La televisión a debate
Las diversas cadenas televisivas han
encontrado una fórmula barata, sencilla, eficaz y siempre renovable como las
energías ídem, que no es otra que los debates, tertulias, charlas, coloquios,
mesas redondas, o como quieran llamárseles en cada ocasión, según la cadena de
televisión en cuestión, a los programas en los que un grupo de invitados de
distintas ideologías se sientan ante las cámaras para hablar de todo lo divino
y lo humano, sobre todo de lo humano en cuanto se refiere a la política, la
mayoría de las veces, de manera distendida y, en otras ocasiones aunque son las
menos, con bronca incluida y salidas del plató de algunos de los participantes con
actitud airada por algún comentario, crítica o supuesta ofensa que le han
inferido alguno de sus oponentes que no se retracta ni pide disculpas,
provocando así la marcha del tertuliano ofendido. Estas situaciones son las
menos, afortunadamente, aunque no para muchos de los espectadores que
preferirían que fueran continuas, pues se regocijan viendo cómo los defensores
de tal o cual partido político o ideología se enzarzan con sus oponentes en discusiones bizantinas en las que las voces
se alzan y los modales bajan del nivel
permitido en una tertulia de gente civilizada, y se arma lo que
vulgarmente se llama la marimorena, sin querer hacer alusión a un programa de debate televisivo
homónimo..
La fórmula de tales programas
televisivos es bastante simple y nada complicada, pues no hace falta recurrir a
un aparatoso escenario ni a costosas puestas en escena, ya que con una mesa y
tantas sillas como invitados es suficiente, además de un plató sencillo y sin
grandes pretensiones que serían más propias de programas espectáculos en los que la forma
cuenta más que el fondo, porque muchas veces no existe éste. Basta con estos
sencillos elementos para ofrecer un programa de esa características, el enésimo
contando todos los existentes anteriormente, a los que se suma el que crea la
cadena televisiva que se da cuenta de que todas son ganancias con programas de
esa índole, por los diversos anuncios emitidos durante el mismo, además del bajo
costo de producción y realización, y teniendo en cuenta que no
hay demasiado campo para el error, pues el guión es inexistente y son los
propios invitados los que expresan sus propias opiniones y se responsabilizan
de ellas, sin necesidad previa de guionistas que escriban lo que tienen que
decir.
Todo ello supone unir la ventaja del
bajo costo que representa pagar a
los invitados las cantidades siempre modestas y usuales en estos casos, según
baremo y teniendo en cuenta el prestigio de los invitados, a la sencillez de la producción, por lo que todas estas cuestiones no plantean
la duda de si el programa pueda ser viable o no, porque la fórmula en su
sencillez ya vaticina un éxito seguro sin inconveniente o riesgo alguno
Los invitados suelen ser cronistas
políticos, historiadores, diplomáticos, políticos ya retirados de la vida
pública, altos mandos militares (los menos), profesores universitarios de de
diversas áreas del conocimiento, cuando así lo exige el tema a tratar, etc..

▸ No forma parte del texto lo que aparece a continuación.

(* In the Standing Setting, with $c,d$ defined for a flag $(p,B)$ as below and $\lambda^*=\lambda/(r,\lambda)$, we have $\lambda^*=c+d-2$.
   Context: Standing Setting: $\mathcal{D}=(\Omega,\mathcal{B})$ is a non-trivial $2$-$(v,k,\lambda)$ design (every two distinct points in exactly $\lambda$ blocks, blocks of size $k$, $2<k<v$) with $b$ blocks and replication number $r$, satisfying $\lambda\ge (r,\lambda)^2$. $G\le\mathrm{Aut}(\mathcal{D})$ is flag-transitive (transitive on pairs $(p,B)$ with $p\in B\in\mathcal{B}$). Moreover $\Omega=\Delta\times\Delta$ with $|\Delta|=\omega\ge 5$ odd, so $v=\omega^2$, and $T\times T\trianglelefteq G\le T_0\wr \mathbb{Z}_2$ acting in product action (the $\mathbb{Z}_2$ interchanging the two coordinates), where $T_0\le\mathrm{Sym}(\Delta)$ is $2$-transitive with nonabelian simple socle $T$; $G$ has rank $3$ on $\Omega$. For a flag $(p,B)$ with $p=(\alpha,\beta)$, $c$ is the number of points of $B$ with first coordinate $\alpha$ and $d$ the number of points of $B$ with second coordinate $\beta$. *)

theory Defs
  imports "HOL-Algebra.SimpleGroups" "HOL-Algebra.Bij" "HOL-Algebra.Generated_Groups"
begin

definition pgrp :: "'a set \<Rightarrow> ('a \<Rightarrow> 'a) set \<Rightarrow> ('a \<Rightarrow> 'a) monoid" where
  "pgrp S G = (BijGroup S)\<lparr>carrier := G\<rparr>"

definition minimal_normal :: "('g, 'b) monoid_scheme \<Rightarrow> 'g set \<Rightarrow> bool" where
  "minimal_normal H N \<longleftrightarrow> N \<lhd> H \<and> N \<noteq> {\<one>\<^bsub>H\<^esub>} \<and>
     (\<forall>M. M \<lhd> H \<and> M \<subseteq> N \<longrightarrow> M = {\<one>\<^bsub>H\<^esub>} \<or> M = N)"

Naturalmente, la fórmula no se acaba con esta relación de habituales a las
tertulias, porque también pueden ser invitados personas del mundo de las artes,
la economía, el derecho, las finanzas y un largo etcétera, pero siempre que el
tema a tratar lo demande y como figuras añadidas al elenco antes mencionado que
son los, llamémosles, los comentaristas de “la casa”.

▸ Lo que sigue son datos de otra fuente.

lemma subst_coeff_Gdif_same_length:
  assumes "Gdif N f" and "w \<in> words_over N" "u \<in> words_over N" "length w = length u"
  shows "subst_coeff f w u = (if w = u then 1 else 0)"
  using assms(2-)
proof (induction w arbitrary: u)
  case (Cons a w)
  then obtain b v where u: "u = b # v" by (cases u) auto
  have "f a [b] = (if a = b then 1 else 0)"
    using assms(1) Cons.prems by (auto simp: Gdif_def words_over_def u)
  with Cons.IH[of v] Cons.prems show ?case
    by (auto simp: u subst_coeff_same_length words_over_def)
qed simp

lemma eq_0_of_unitriangular:
  assumes diag: "\<And>w u. w \<in> words_over N \<Longrightarrow> u \<in> words_over N \<Longrightarrow> length w = length u
      \<Longrightarrow> M w u = (if w = u then 1 else 0)"
    and kernel: "\<And>u. u \<in> words_over N \<Longrightarrow> (\<Sum>w\<in>words_upto N (length u). c w * M w u) = 0"
    and "u \<in> words_over N"
  shows "c u = (0::'a::ring_1)"
  using assms(3)
proof (induction "length u" arbitrary: u rule: less_induct)
  case less
  have "c u = (\<Sum>w\<in>words_upto N (length u). if w = u then c w else 0)"
    using less.prems by (simp only: sum.delta[OF finite_words_upto]) (simp add: words_upto_def)
  also have "\<dots> = (\<Sum>w\<in>words_upto N (length u). c w * M w u)"
  proof (rule sum.cong[OF refl])
    fix w assume w: "w \<in> words_upto N (length u)"
    show "(if w = u then c w else 0) = c w * M w u"
    proof (cases "length w = length u")
      case True
      with w less.prems show ?thesis by (simp add: diag words_upto_def)
    next
      case False
      with w have "c w = 0" by (intro less.hyps) (auto simp: words_upto_def)
      with False show ?thesis by auto
    qed
  qed
  also have "\<dots> = 0"
    by (rule kernel[OF less.prems])
  finally show "c u = 0" .
qed
lemma power_sum_le_card_power_mult_sum_power:
  fixes g :: "'b \<Rightarrow> real"
  assumes "finite A" "A \<noteq> {}" "\<And>a. a \<in> A \<Longrightarrow> 0 \<le> g a"
  shows "(\<Sum>a\<in>A. g a) ^ p \<le> real (card A) ^ p * (\<Sum>a\<in>A. g a ^ p)"
proof -
  have "Max (g ` A) \<in> g ` A" using assms(1,2) by simp
  then obtain a0 where a0: "a0 \<in> A" "g a0 = Max (g ` A)" by auto
  have "(\<Sum>a\<in>A. g a) \<le> real (card A) * g a0"
    using sum_bounded_above[of A g "g a0"] assms(1) a0 by simp
  then have "(\<Sum>a\<in>A. g a) ^ p \<le> real (card A) ^ p * g a0 ^ p"
    using assms by (simp add: sum_nonneg power_mono flip: power_mult_distrib)
  also have "\<dots> \<le> real (card A) ^ p * (\<Sum>a\<in>A. g a ^ p)"
    using a0(1) assms by (intro mult_left_mono member_le_sum) auto
  finally show ?thesis .
qed

lemma prod_diff_one_eq_sum_Pow:
  fixes a :: "'b \<Rightarrow> real"
  assumes "finite C"
  shows "(\<Prod>c\<in>C. a c - 1) = (\<Sum>S\<in>Pow C. (-1) ^ card (C - S) * (\<Prod>c\<in>S. a c))"
proof -
  have "(\<Prod>c\<in>C. a c + (-1)) = (\<Sum>S\<in>Pow C. (\<Prod>c\<in>S. a c) * (\<Prod>c\<in>C - S. -1))"
    by (rule prod_add[OF assms])
  then show ?thesis by (simp add: mult.commute)
qed

lemma sum_PiE_image_prod:
  fixes G :: "'i \<Rightarrow> 'x \<Rightarrow> 'r::comm_semiring_1"
  assumes "inj_on \<phi> I" "finite I" "finite X"
  shows "(\<Sum>h\<in>PiE (\<phi> ` I) (\<lambda>_. X). \<Prod>i\<in>I. G i (h (\<phi> i))) = (\<Prod>i\<in>I. \<Sum>y\<in>X. G i y)"
proof -
  let ?G = "\<lambda>l. G (the_inv_into I \<phi> l)"
  have "\<And>h. (\<Prod>i\<in>I. G i (h (\<phi> i))) = (\<Prod>l\<in>\<phi> ` I. ?G l (h l))"
    using assms(1) by (simp add: prod.reindex the_inv_into_f_f)
  moreover have "(\<Prod>l\<in>\<phi> ` I. \<Sum>y\<in>X. ?G l y) = (\<Prod>i\<in>I. \<Sum>y\<in>X. G i y)"
    using assms(1) by (simp add: prod.reindex the_inv_into_f_f)
  ultimately show ?thesis
    using prod_sum_PiE[of "\<phi> ` I" "\<lambda>_. X" ?G] assms(2,3) by simp
qed

lemma avg_PiE_insert_image:
  assumes "inj_on \<phi> I" "b \<notin> \<phi> ` I" "finite I" "finite X" "X \<noteq> {}"
  shows "avg (PiE (insert b (\<phi> ` I)) (\<lambda>_. X)) (\<lambda>\<zeta>. F (\<zeta> b) * (\<Prod>i\<in>I. G i (\<zeta> b) (\<zeta> (\<phi> i)))) =
    avg X (\<lambda>x. F x * (\<Prod>i\<in>I. avg X (G i x)))"
proof -
  let ?N = "real (card X)"
  have b: "\<And>i. i \<in> I \<Longrightarrow> \<phi> i \<noteq> b" using assms(2) by auto
  have inner: "(\<Sum>h\<in>PiE (\<phi> ` I) (\<lambda>_. X). \<Prod>i\<in>I. G i x (h (\<phi> i))) = (\<Prod>i\<in>I. \<Sum>y\<in>X. G i x y)" for x
    using assms by (intro sum_PiE_image_prod)
  have "(\<Sum>\<zeta>\<in>PiE (insert b (\<phi> ` I)) (\<lambda>_. X). F (\<zeta> b) * (\<Prod>i\<in>I. G i (\<zeta> b) (\<zeta> (\<phi> i)))) =
      (\<Sum>x\<in>X. F x * (\<Prod>i\<in>I. \<Sum>y\<in>X. G i x y))"
    using assms(2) b by (simp add: sum_PiE_insert inner cong: prod.cong flip: sum_distrib_left)
  also have "\<dots> = ?N ^ card I * (\<Sum>x\<in>X. F x * (\<Prod>i\<in>I. avg X (G i x)))"
  proof -
    have "(\<Prod>i\<in>I. \<Sum>y\<in>X. G i x y) = ?N ^ card I * (\<Prod>i\<in>I. avg X (G i x))" for x
      using assms(4,5) by (simp add: card_mult_avg[symmetric] prod.distrib)
    then show ?thesis by (simp add: sum_distrib_left mult.left_commute)
  qed
  moreover have "card (PiE (insert b (\<phi> ` I)) (\<lambda>_. X)) = card X * card X ^ card I"
    using assms(1-3) by (simp add: card_PiE card_image)
  moreover have "?N > 0" using assms(4,5) by (simp add: card_gt_0_iff)
  ultimately show ?thesis unfolding avg_def by simp
qed

lemma finite_cube: "finite e \<Longrightarrow> finite (cube e)"
  unfolding cube_def by (simp add: finite_PiE)

lemma mix_restrict: "mix e \<theta> x0 x1 = mix e \<theta> (restrict x0 e) (restrict x1 e)"
  unfolding mix_def by (auto simp: fun_eq_iff restrict_def)

lemma cube_split_coordinate:
  assumes "j \<in> e" "finite e" "\<And>\<theta> c. P (\<theta>(j := c)) = P \<theta>"
  shows "prod g {\<theta>\<in>cube e. P \<theta>} =
    prod g {\<theta>\<in>cube e. P \<theta> \<and> \<not> \<theta> j} * prod (\<lambda>\<theta>. g (\<theta>(j := True))) {\<theta>\<in>cube e. P \<theta> \<and> \<not> \<theta> j}"
proof -
  define A where "A = {\<theta>\<in>cube e. P \<theta> \<and> \<not> \<theta> j}"
  define B where "B = {\<theta>\<in>cube e. P \<theta> \<and> \<theta> j}"
  have cube_upd: "\<And>\<theta> c. \<theta> \<in> cube e \<Longrightarrow> \<theta>(j := c) \<in> cube e"
    unfolding cube_def using assms(1) by (auto simp: PiE_iff extensional_def)
  have "B \<subseteq> (\<lambda>\<theta>. \<theta>(j := True)) ` A"
  proof
    fix \<theta> assume "\<theta> \<in> B"
    then have "\<theta>(j := False) \<in> A" "\<theta> = (\<theta>(j := False))(j := True)"
      unfolding A_def B_def using assms(3)[of \<theta> False] cube_upd by (auto simp: fun_eq_iff)
    then show "\<theta> \<in> (\<lambda>\<theta>. \<theta>(j := True)) ` A" by blast
  qed
  then have B: "B = (\<lambda>\<theta>. \<theta>(j := True)) ` A"
    unfolding A_def B_def using assms(3) cube_upd by auto
  have "inj_on (\<lambda>\<theta>. \<theta>(j := True)) A"
    unfolding A_def inj_on_def by (auto simp: fun_eq_iff)
  then have "prod g B = prod (\<lambda>\<theta>. g (\<theta>(j := True))) A"
    unfolding B by (simp add: prod.reindex)
  moreover have "prod g {\<theta>\<in>cube e. P \<theta>} = prod g A * prod g B"
    unfolding A_def B_def using finite_cube[OF assms(2)]
    by (subst prod.union_disjoint[symmetric]) (auto intro: prod.cong)
  ultimately show ?thesis unfolding A_def by simp
qed

section \<open>Interpolating forms\<close>

text \<open>A configuration assigns a point of \<open>V\<^sub>e\<close> to every slot: \<open>Cube0\<close>, \<open>Cube1\<close> carry the pair
  \<open>x^(0), x^(1)\<close> of a cube, \<open>Base\<close> the point at which \<open>\<nu> - 1\<close> and the dual functions are
  evaluated, and \<open>Dual i\<close> the point \<open>x^(1)\<close> averaged over in the dual function of \<open>f i\<close>.\<close>

datatype 'i slot = Cube0 | Cube1 | Base | Dual 'i

locale dual_product_setting =
  fixes e :: "'j set" and W :: "'j \<Rightarrow> 'a set" and nu :: "('j \<Rightarrow> 'a) \<Rightarrow> real"
    and I :: "'i set"
  assumes finite_e: "finite e"
    and finite_W: "\<And>k. k \<in> e \<Longrightarrow> finite (W k)"
    and W_ne: "\<And>k. k \<in> e \<Longrightarrow> W k \<noteq> {}"
    and finite_I: "finite I"
    and nu_nonneg: "\<And>x. x \<in> Vpts W e \<Longrightarrow> 0 \<le> nu x"
begin

definition slots :: "'i slot set" where
  "slots = insert Cube0 (insert Cube1 (insert Base (Dual ` I)))"

definition configs :: "('i slot \<Rightarrow> 'j \<Rightarrow> 'a) set" where
  "configs = PiE slots (\<lambda>_. Vpts W e)"

definition vertex :: "('i slot \<Rightarrow> 'j \<Rightarrow> 'a) \<Rightarrow> ('j \<Rightarrow> 'i slot) \<Rightarrow> 'j \<Rightarrow> 'a" where
  "vertex \<xi> \<sigma> = restrict (\<lambda>k. \<xi> (\<sigma> k) k) e"

definition upd_slot :: "('i slot \<Rightarrow> 'j \<Rightarrow> 'a) \<Rightarrow> 'i slot \<Rightarrow> 'j \<Rightarrow> 'a \<Rightarrow> 'i slot \<Rightarrow> 'j \<Rightarrow> 'a" where
  "upd_slot \<xi> l k s = \<xi>(l := (\<xi> l)(k := s))"

definition slot_of :: "'j set \<Rightarrow> 'i \<Rightarrow> ('j \<Rightarrow> bool) \<Rightarrow> 'j \<Rightarrow> 'i slot" where
  "slot_of R i \<theta> k =
     (if k \<in> R then (if \<theta> k then Dual i else Base) else (if \<theta> k then Cube1 else Cube0))"

definition lower_face :: "'j set \<Rightarrow> ('j \<Rightarrow> bool) set" where
  "lower_face R = {\<theta> \<in> cube e. \<forall>k\<in>R. \<not> \<theta> k}"

text \<open>The interpolating forms: coordinates in \<open>R\<close> are read from \<open>Base\<close> and \<open>Dual i\<close>, the others
  from the cube pair. So \<open>interpolant f e\<close> is the dual correlation and \<open>interpolant f {}\<close> the cube
  average of \<open>\<nu> - 1\<close>. On \<open>lower_face R\<close> the slot does not depend on \<open>i\<close>, whence \<open>undefined\<close>.\<close>

definition integrand :: "('i \<Rightarrow> ('j \<Rightarrow> 'a) \<Rightarrow> real) \<Rightarrow> 'j set \<Rightarrow> ('i slot \<Rightarrow> 'j \<Rightarrow> 'a) \<Rightarrow> real" where
  "integrand f R \<xi> =
     (\<Prod>\<theta>\<in>lower_face R. nu (vertex \<xi> (slot_of R undefined \<theta>)) - 1) *
     (\<Prod>i\<in>I. \<Prod>\<theta>\<in>cube e - lower_face R. f i (vertex \<xi> (slot_of R i \<theta>)))"

definition interpolant :: "('i \<Rightarrow> ('j \<Rightarrow> 'a) \<Rightarrow> real) \<Rightarrow> 'j set \<Rightarrow> real" where
  "interpolant f R = avg configs (integrand f R)"

lemma finite_points: "finite (Vpts W e)"
  using finite_e finite_W by (simp add: finite_PiE)

lemma points_ne: "Vpts W e \<noteq> {}"
  using W_ne by (simp add: PiE_eq_empty_iff)

lemma finite_slots: "finite slots"
  unfolding slots_def using finite_I by simp

lemma in_slots [simp]: "Cube0 \<in> slots" "Cube1 \<in> slots" "Base \<in> slots" "i \<in> I \<Longrightarrow> Dual i \<in> slots"
  unfolding slots_def by auto

lemma finite_configs: "finite configs"
  unfolding configs_def using finite_slots finite_points by (simp add: finite_PiE)

lemma configs_ne: "configs \<noteq> {}"
  unfolding configs_def using points_ne by (simp add: PiE_eq_empty_iff)

lemma config_in_points: "\<xi> \<in> configs \<Longrightarrow> l \<in> slots \<Longrightarrow> \<xi> l \<in> Vpts W e"
  unfolding configs_def by auto

lemma vertex_in_points: "\<xi> \<in> configs \<Longrightarrow> (\<And>k. k \<in> e \<Longrightarrow> \<sigma> k \<in> slots) \<Longrightarrow> vertex \<xi> \<sigma> \<in> Vpts W e"
  unfolding vertex_def configs_def by (auto simp: PiE_iff)

lemma slot_of_in_slots: "i \<in> I \<Longrightarrow> slot_of R i \<theta> k \<in> slots"
  unfolding slot_of_def by simp

lemma upd_slot_in_configs:
  "\<xi> \<in> configs \<Longrightarrow> l \<in> slots \<Longrightarrow> k \<in> e \<Longrightarrow> s \<in> W k \<Longrightarrow> upd_slot \<xi> l k s \<in> configs"
  unfolding upd_slot_def configs_def by (auto simp: PiE_iff extensional_def)

lemma vertex_upd_slot_other: "\<sigma> k \<noteq> l \<Longrightarrow> vertex (upd_slot \<xi> l k s) \<sigma> = vertex \<xi> \<sigma>"
  unfolding vertex_def upd_slot_def by (auto simp: fun_eq_iff restrict_def)

lemma upd_slot_commute: "l \<noteq> l' \<Longrightarrow> upd_slot (upd_slot \<xi> l k s) l' k' t = upd_slot (upd_slot \<xi> l' k' t) l k s"
  unfolding upd_slot_def by (auto simp: fun_eq_iff)

lemma upd_slot_same: "upd_slot \<xi> l k s l k = s"
  unfolding upd_slot_def by simp

lemma upd_slot_other: "l' \<noteq> l \<Longrightarrow> upd_slot \<xi> l k s l' = \<xi> l'"
  unfolding upd_slot_def by simp

lemma avg_configs_resample:
  assumes "l \<in> slots" "k \<in> e"
  shows "avg configs g = avg configs (\<lambda>\<xi>. avg (W k) (\<lambda>s. g (upd_slot \<xi> l k s)))"
proof -
  define L where "L = slots - {l}"
  have slots: "slots = insert l L" "l \<notin> L" using assms unfolding L_def by auto
  have points: "\<And>G. sum G (Vpts W e) = (\<Sum>x\<in>Vpts W e. avg (W k) (\<lambda>s. G (x(k := s))))"
    using avg_PiE_resample[of e k W] card_mult_avg[OF finite_points points_ne]
      finite_e finite_W W_ne assms(2) by metis
  have "(\<Sum>\<xi>\<in>configs. avg (W k) (\<lambda>s. g (upd_slot \<xi> l k s))) =
      (\<Sum>x\<in>Vpts W e. \<Sum>h\<in>PiE L (\<lambda>_. Vpts W e). avg (W k) (\<lambda>s. g (h(l := x(k := s)))))"
    unfolding configs_def slots(1) by (subst sum_PiE_insert[OF slots(2)]) (simp add: upd_slot_def)
  also have "\<dots> = (\<Sum>h\<in>PiE L (\<lambda>_. Vpts W e). \<Sum>x\<in>Vpts W e. g (h(l := x)))"
    by (subst sum.swap) (simp add: points[of "\<lambda>x. g (_(l := x))"])
  also have "\<dots> = (\<Sum>\<xi>\<in>configs. g \<xi>)"
    unfolding configs_def slots(1) by (subst sum_PiE_insert[OF slots(2)]) (rule sum.swap)
  finally show ?thesis unfolding avg_def by simp
qed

Esta abundante programación de
debates televisivos especialmente políticos, aunque también los hay que abarcan
desde temas concretos de actualidad en general, hasta los que tratan de temas
criminales por sucesos de esa índole que se han hecho tristemente famosos, va
creando una atmósfera de crispación social porque el ciudadano desayuna, come,
merienda y cena, si es un adicto a la televisión como suele ser la mayoría de
la gente, siempre acompañado por esos programas de actualidad política que
invaden los hogares a través de la pequeña pantalla, desde primeras horas de la
mañana hasta bien entrada la madrugada, haciéndole la sobremesa más
entretenida, pero también más tensa, e irritante, cuando no insoportable, al oír
el último caso de corrupción, los desmanes de tal o cual político, o los despropósitos
dicho por algún otro. Todo este bombardeo de opiniones controvertidas, de
descalificaciones mutuas, sospechas no confirmadas, infundios que quedan
prendidos en la memoria de los espectadores, verdades incuestionables para quienes
las pregona, aunque sin las pruebas correspondientes, previsiones catastróficas
y un largo etcétera, va convirtiendo los hogares españoles en tribunas
improvisada de discusión entre los miembros de cada familia, cuando no hay
consenso –esa palabra tan al uso en la jerga de la democracia-, que termina
siendo un campo de cultivo de riñas, discusiones y malas caras entre quienes
no opinan igual dentro del ámbito
familiar, y también, de crispación e indignación para el espectador que oye los
nuevos casos de corrupción, de incompetencia o de pura y dura desvergüenza de
los políticos y, bien por estar solo y no tener con quien discutir o, en el
caso de vivir acompañado y pueda compartir la misma opinión -lo que ya
es más raro en esta sociedad en la que hasta la mascota de la casa, a fuerza de
oír continuamente todo tipo de
razonamientos políticos encontrados, se considera una experta en política y
ladra o maúlla a los tertulianos
representantes del bando contrario por puro mimetismo de lo que hacen
sus dueños-, se pregunta si merece la pena seguir pagando impuestos para que
después vengan unos “chorizos” a llevarse lo que tanto trabajo le cuesta ganar
a quien sólo tienen su dignidad y su escaso patrimonio conseguido gracias a su esfuerzo. También, se
pregunta si merece la pena seguir votando a tal o cual partido al que había
votado en las elecciones anteriores porque, vista la situación y los nuevos
escándalos que estallan con la velocidad
del rayo, sólo queda la solución de mandar a los políticos, a Hacienda y a los deberes ciudadanos a la porra, antes de
seguir pensando, por pura ingenuidad, que los candidatos que prometen esto y lo
otro cuando se acercan las elecciones, van
a cumplirlo cuando accedan al poder, ya que demuestra la experiencia que sucede
siempre lo contrario,, lo que les hace pensar, cuando oye a los diversos
tertulianos contar las últimas y pringosas noticias políticas, si es hora de dejar de hacer el tonto porque para
listos ya están los políticos y sus oscuros tejemanejes.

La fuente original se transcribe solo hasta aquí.